The next morning we crossed the creek. It was swollen by the late rains into an impetuous torrent, and it was a fine sight to watch the long train of wagons coming down to the ford one by one;—a splash—a spring—a scramble up the gravelly hill beyond. We crossed it lower down, on a fallen tree, and entered at once into the hill-country. Here we were no longer incommoded with mud, but found nearly as great an obstacle in the loose stones that covered the road, and the jagged rocks projecting from its surface. The forward axle received such a strain in one of these encounters that it snapped just after crossing the new bridge at Coloma, and we were consequently obliged to remain here till the next morning. We made a good supper out of our stores, slept magnificently in a carpenter's shop, and started the next day, about ten, to ascend the great Coloma hill. We had been told that it was utterly impossible for two mules to draw a loaded wagon up this ascent. However, we succeeded in torturing our way by spasmodic efforts to an elevation of several hundred feet, and then, finding it impossible to proceed any further, half of the load was taken out; and while the judge went on to the summit, followed by the rest of our companions, I remained behind, to watch over our goods and assist him in reloading on his return.
The scene before me was one never to be forgotten. Drawn back among the bushes and trees that shaded the hill, I looked down the winding path upon a wide valley, like an immense panorama, with the South Fork glancing, here and there, like a string of pearls among the hills, that peeped over each other's shoulders on every side as far as the eye could reach, bounded only in one direction, by the everlasting snows of the Sierra Nevada. Parties of miners flowed by in a continuous current, generally with packmules, but now and then a loaded wagon. All seemed bent on some urgent business; if they lagged for a few steps, the next moment they roused themselves, and, quickening their pace, urged on their unsympathizing four-footed companions. It was absolutely awful to see the crowds, and I involuntarily drew back farther into my snug retreat.
The whole of the mining region was at this season in a ferment. An ant-hill, just disturbed by some sudden alarm—a crowded steamboat, on the point of starting—afford apt illustrations of the frenzy that had now invaded the entire population. From a plausible conclusion that generally prevailed that the rivers would prove the richer the nearer their source, the great object with many was to penetrate as far into the mountains as possible. Rector's Bar, far up the Middle Fork, was the principal point of attraction in this section, while hundreds and thousands were hurrying with the same breathless eagerness over on to the Sacramento, the Yuba, and the Feather rivers.
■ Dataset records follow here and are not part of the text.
(* Let $f\in C^\infty(\mathbb{R}^2)$ be a real-valued function whose zero set $\{x\in\mathbb{R}^2: f(x)=0\}$ is exactly the Hawaiian earring \[ \mathcal H=\bigcup_{k=1}^{\infty}\left\{(x,y)\in\mathbb{R}^2:\left(x-\tfrac1k\right)^2+y^2=\tfrac1{k^2}\right\}. \] Then $f$ is flat at the origin (all partial derivatives of all orders of $f$ vanish at $0$), and $f$ does not satisfy a Łojasiewicz inequality with respect to $\mathcal H$ at $0$: there exist no constants $C>0$ and $\theta>0$ such that \[ |f(x)|\ge C\,\mathrm{dist}(x,\mathcal H)^\theta \] for all $x$ in a neighborhood of $0$.
   Context: $\mathrm{dist}(x,\mathcal H)$ denotes the Euclidean distance from $x$ to the set $\mathcal H$. *)

theory Defs
  imports "HOL-Analysis.Analysis"
begin

definition hawaiian_earring :: "(real \<times> real) set" where
  "hawaiian_earring = (\<Union>k\<in>{1::nat..}. {(x, y). (x - 1 / real k)\<^sup>2 + y\<^sup>2 = 1 / (real k)\<^sup>2})"

definition partial_dir :: "(real \<times> real) \<Rightarrow> ((real \<times> real) \<Rightarrow> real) \<Rightarrow> (real \<times> real) \<Rightarrow> real" where
  "partial_dir v g x = deriv (\<lambda>t. g (x + t *\<^sub>R v)) 0"

text \<open>Iterated partial derivative: the head of the list is applied last.\<close>
fun iter_partial :: "(real \<times> real) list \<Rightarrow> ((real \<times> real) \<Rightarrow> real) \<Rightarrow> (real \<times> real) \<Rightarrow> real" where
  "iter_partial [] g = g"
| "iter_partial (v # vs) g = partial_dir v (iter_partial vs g)"

definition smooth_R2 :: "((real \<times> real) \<Rightarrow> real) \<Rightarrow> bool" where
  "smooth_R2 g \<longleftrightarrow> (\<forall>vs. set vs \<subseteq> Basis \<longrightarrow>
      continuous_on UNIV (iter_partial vs g) \<and>
      (\<forall>v\<in>Basis. \<forall>x. (\<lambda>t. iter_partial vs g (x + t *\<^sub>R v)) differentiable (at 0)))"

definition flat_at :: "((real \<times> real) \<Rightarrow> real) \<Rightarrow> (real \<times> real) \<Rightarrow> bool" where
  "flat_at g a \<longleftrightarrow> (\<forall>vs. set vs \<subseteq> Basis \<longrightarrow> iter_partial vs g a = 0)"

end

theory Submission
  imports Defs
begin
Every one was afraid he should be too late—that he should not go to the richest placers—that he should not find the fortune intended for him—that he shouldn't be able to return home the coming winter—in short, that he should not improve the present golden opportunity to the very utmost. And the question was, in truth, one of no trifling interest. Such an opportunity would never again present itself, and hundreds who had thus far been disappointed, trusted to it as to their last resource,—hoping, in some of these, as they thought, untrodden valleys, to reap the same rich rewards that had fallen to the share of the first adventurers. On their present decision rested, therefore, in great measure, all their subsequent fortune.